*What the exercise asks*. Each line in the entries below that contains the word "meson" counts once. Report how many there are and nothing more.

*Supplied material*.
lemma cf_iter_decreasing:
  assumes "t < x" "cf_iter l x 1 < x"
  shows "cf_iter l x (Suc k) < cf_iter l x k"
proof -
  have "s < cf_iter l x 1" using cf_iter_gt_t[OF assms(1), of 1] s_less_t by simp
  thus ?thesis using cf_iter_strict_mono[OF _ assms(2), of k] unfolding cf_iter_Suc_inner[of l x k]
    by simp
qed

lemma quot_pendant_gt_t: "t < quot_pendant l k"
  unfolding quot_pendant_def using cf_iter_gt_t s_pos by simp

lemma quot_pendant_pos: "0 < quot_pendant l k"
  using quot_pendant_gt_t t_pos by (meson less_trans)

lemma quot_pendant_decreasing: "quot_pendant l (Suc k) < quot_pendant l k"
proof -
  have "l - 1 / l < l" using l_pos by simp
  thus ?thesis unfolding quot_pendant_def using cf_iter_decreasing[of l k] s_pos by simp
qed

lemma inverse_quot_pendant_less_s: "1 / quot_pendant l k < s"
proof -
  have "1 / quot_pendant l k < 1 / t" using quot_pendant_gt_t t_pos by (simp add: frac_less2)
  thus ?thesis using one_div_t by simp
qed

lemma quot_pendant_1: "quot_pendant l 1 = (l\<^sup>2 - 1) / l"
  unfolding quot_pendant_def using l_pos by (simp add: field_simps power2_eq_square)

lemma two_s: "2 * s = l - sqrt (l\<^sup>2 - 4)"
  unfolding s_def by simp

end

locale large_param = cf_iteration +
  fixes r1 :: nat
  assumes l2_ge5: "5 \<le> l\<^sup>2" and r1_ge2: "2 \<le> r1" and r1_le: "real r1 + 3 \<le> l\<^sup>2"
begin

definition quot_v1 where "quot_v1 = l - real r1 / quot_pendant l 1"

lemma quot_v1_eq: "quot_v1 = l - real r1 * l / (l\<^sup>2 - 1)"
  unfolding quot_v1_def quot_pendant_1 by simp

lemma l2_minus_1_ge: "4 \<le> l\<^sup>2 - 1"
  using l2_ge5 by simp

lemma quot_v1_ge: "2 * l / (l\<^sup>2 - 1) \<le> quot_v1"
proof -
  have "real r1 * l / (l\<^sup>2 - 1) \<le> (l\<^sup>2 - 3) * l / (l\<^sup>2 - 1)"
    using r1_le l_pos l2_minus_1_ge by (intro divide_right_mono mult_right_mono) auto
  moreover have "l - (l\<^sup>2 - 3) * l / (l\<^sup>2 - 1) = 2 * l / (l\<^sup>2 - 1)"
    using l2_minus_1_ge by (simp add: field_simps)
  ultimately show ?thesis unfolding quot_v1_eq by linarith
qed

lemma s_mult_l2_minus_1_less: "s * (l\<^sup>2 - 1) < 2 * l"
proof -
  have sl: "s * l = s\<^sup>2 + 1" using s_mult_t by (simp add: power2_eq_square algebra_simps)
  have "s * (l\<^sup>2 - 1) = l * s\<^sup>2 + l - s" using sl by (simp add: power2_eq_square algebra_simps)
  moreover have "l * s\<^sup>2 < l" using s_pos s_less_1 l_pos by (simp add: power_less_one_iff)
  ultimately show ?thesis using s_pos by linarith
qed

lemma quot_v1_gt_s: "s < quot_v1"
proof -
  have "s < 2 * l / (l\<^sup>2 - 1)" using s_mult_l2_minus_1_less l2_minus_1_ge by (simp add: field_simps)
  thus ?thesis using quot_v1_ge by linarith
qed

lemma quot_v1_less_t: "quot_v1 < t"
proof -
  have "s < 2 * l / (l\<^sup>2 - 1)" using s_mult_l2_minus_1_less l2_minus_1_ge by (simp add: field_simps)
  also have "\<dots> \<le> real r1 * l / (l\<^sup>2 - 1)" using r1_ge2 l_pos l2_minus_1_ge
    by (intro divide_right_mono mult_right_mono) auto
  finally show ?thesis unfolding quot_v1_eq by simp
qed

lemma quot_v1_pos: "0 < quot_v1"
  using quot_v1_gt_s s_pos by simp

lemma quot_v1path_eq: "quot_v1path r1 l k = cf_iter l quot_v1 k"
  unfolding quot_v1path_def quot_v1_def by simp

lemma quot_v1_less_step: "quot_v1 < cf_iter l quot_v1 1"
proof -
  have "quot_v1 * quot_v1 - l * quot_v1 + 1 < 0"
  proof -
    have "quot_v1 * quot_v1 - l * quot_v1 + 1 = (quot_v1 - s) * (quot_v1 - t)" using s_mult_t
      by (simp add: algebra_simps)
    moreover have "(quot_v1 - s) * (quot_v1 - t) < 0" using quot_v1_gt_s quot_v1_less_t
      by (simp add: mult_pos_neg)
    ultimately show ?thesis by simp
  qed
  hence "1 / quot_v1 < l - quot_v1" using quot_v1_pos by (simp add: field_simps)
  thus ?thesis by simp
qed

lemma quot_v1path_gt_s: "s < quot_v1path r1 l k"
  unfolding quot_v1path_eq using cf_iter_gt_s quot_v1_gt_s by simp

lemma quot_v1path_pos: "0 < quot_v1path r1 l k"
  using quot_v1path_gt_s s_pos by (meson less_trans)

lemma quot_v1path_less_t: "quot_v1path r1 l k < t"
  unfolding quot_v1path_eq using cf_iter_less_t quot_v1_gt_s quot_v1_less_t by simp

lemma quot_v1path_increasing: "quot_v1path r1 l k < quot_v1path r1 l (Suc k)"
  unfolding quot_v1path_eq using cf_iter_increasing quot_v1_gt_s quot_v1_less_step by simp

lemma quot_v1path_mono: "k \<le> k' \<Longrightarrow> quot_v1path r1 l k \<le> quot_v1path r1 l k'"
  unfolding quot_v1path_eq using cf_iter_mono_index quot_v1_gt_s quot_v1_less_step by simp

lemma inverse_quot_v1path_gt_s: "s < 1 / quot_v1path r1 l k"
proof -
  have "1 / t < 1 / quot_v1path r1 l k" using quot_v1path_less_t quot_v1path_pos
    by (simp add: frac_less2)
  thus ?thesis using one_div_t by simp
qed

abbreviation "w \<equiv> 2 * l / (l\<^sup>2 + 1)"

lemma inverse_quot_v1path_1_le: "1 / quot_v1path r1 l 1 \<le> w"
proof -
  have "quot_v1path r1 l 1 = l - 1 / quot_v1" unfolding quot_v1path_eq by simp
  moreover have "1 / quot_v1 \<le> (l\<^sup>2 - 1) / (2 * l)"
  proof -
    have p: "0 < 2 * l / (l\<^sup>2 - 1)" using l_pos l2_minus_1_ge by simp
    have "1 / quot_v1 \<le> 1 / (2 * l / (l\<^sup>2 - 1))"
      by (rule divide_left_mono[OF quot_v1_ge _ mult_pos_pos[OF quot_v1_pos p]]) simp
    thus ?thesis by simp
  qed
  moreover have "l - (l\<^sup>2 - 1) / (2 * l) = (l\<^sup>2 + 1) / (2 * l)" using l_pos
    by (simp add: field_simps power2_eq_square)
  ultimately have ge: "(l\<^sup>2 + 1) / (2 * l) \<le> quot_v1path r1 l 1" by linarith
  have p: "0 < (l\<^sup>2 + 1) / (2 * l)" using l_pos by (simp add: add_pos_nonneg)
  have q: "0 < quot_v1path r1 l 1 * ((l\<^sup>2 + 1) / (2 * l))"
    by (rule mult_pos_pos[OF quot_v1path_pos p])
  have "1 / quot_v1path r1 l 1 \<le> 1 / ((l\<^sup>2 + 1) / (2 * l))"
    by (rule divide_left_mono[OF ge _ q]) simp
  thus ?thesis by simp
qed

lemma inverse_quot_v1path_le: "1 \<le> k \<Longrightarrow> 1 / quot_v1path r1 l k \<le> w"
proof -
  assume "1 \<le> k"
  hence "quot_v1path r1 l 1 \<le> quot_v1path r1 l k" by (rule quot_v1path_mono)
  hence "1 / quot_v1path r1 l k \<le> 1 / quot_v1path r1 l 1" using quot_v1path_pos
    by (intro divide_left_mono) auto
  thus ?thesis using inverse_quot_v1path_1_le by linarith
qed

lemma w_le_sqrt_disc: "w \<le> sqrt (l\<^sup>2 - 4)"
proof -
  have "0 \<le> (l - 1)\<^sup>2" by simp
  hence "2 * l \<le> l\<^sup>2 + 1" unfolding power2_diff by simp
  moreover have "0 < l\<^sup>2 + 1" using zero_le_power2[of l] by linarith
  ultimately have w1: "w \<le> 1" by (simp add: pos_divide_le_eq)
  have "1 \<le> sqrt (l\<^sup>2 - 4)" by (rule real_le_rsqrt) (use l2_ge5 in simp)
  thus ?thesis using w1 by linarith
qed

lemma s_plus_w_le_t: "s + w \<le> t"
  using w_le_sqrt_disc two_s by linarith

lemma quot_u_gt_s:
  assumes "2 \<le> q1"
  shows "s < quot_u r1 h q1 l"
proof -
  have "1 / quot_pendant l (h - 1) < s" by (rule inverse_quot_pendant_less_s)
  moreover have "1 / quot_v1path r1 l (q1 - 1) \<le> w" using assms
    by (intro inverse_quot_v1path_le) simp
  ultimately show ?thesis unfolding quot_u_def using s_plus_w_le_t by linarith
qed

lemma quot_u_less_l: "quot_u r1 h q1 l < l"
proof -
  have "0 < 1 / quot_pendant l (h - 1)" "0 < 1 / quot_v1path r1 l (q1 - 1)"
    using quot_pendant_pos quot_v1path_pos by simp_all
  thus ?thesis unfolding quot_u_def by linarith
qed

lemma quot_v2path_gt_s: "2 \<le> q1 \<Longrightarrow> s < quot_v2path r1 h q1 l k"
  unfolding quot_v2path_def using cf_iter_gt_s quot_u_gt_s by simp

lemma quot_v2path_pos: "2 \<le> q1 \<Longrightarrow> 0 < quot_v2path r1 h q1 l k"
  using quot_v2path_gt_s s_pos
  by (meson less_trans)

lemma quot_v2path_less_l: "2 \<le> q1 \<Longrightarrow> quot_v2path r1 h q1 l k < l"
proof (cases k)
  case 0 thus ?thesis using quot_u_less_l unfolding quot_v2path_def by simp
next
  case (Suc j)
  assume q: "2 \<le> q1"
  have "0 < quot_v2path r1 h q1 l j" by (rule quot_v2path_pos[OF q])
  thus ?thesis unfolding Suc quot_v2path_def by simp
qed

*Solution to this problem*. 3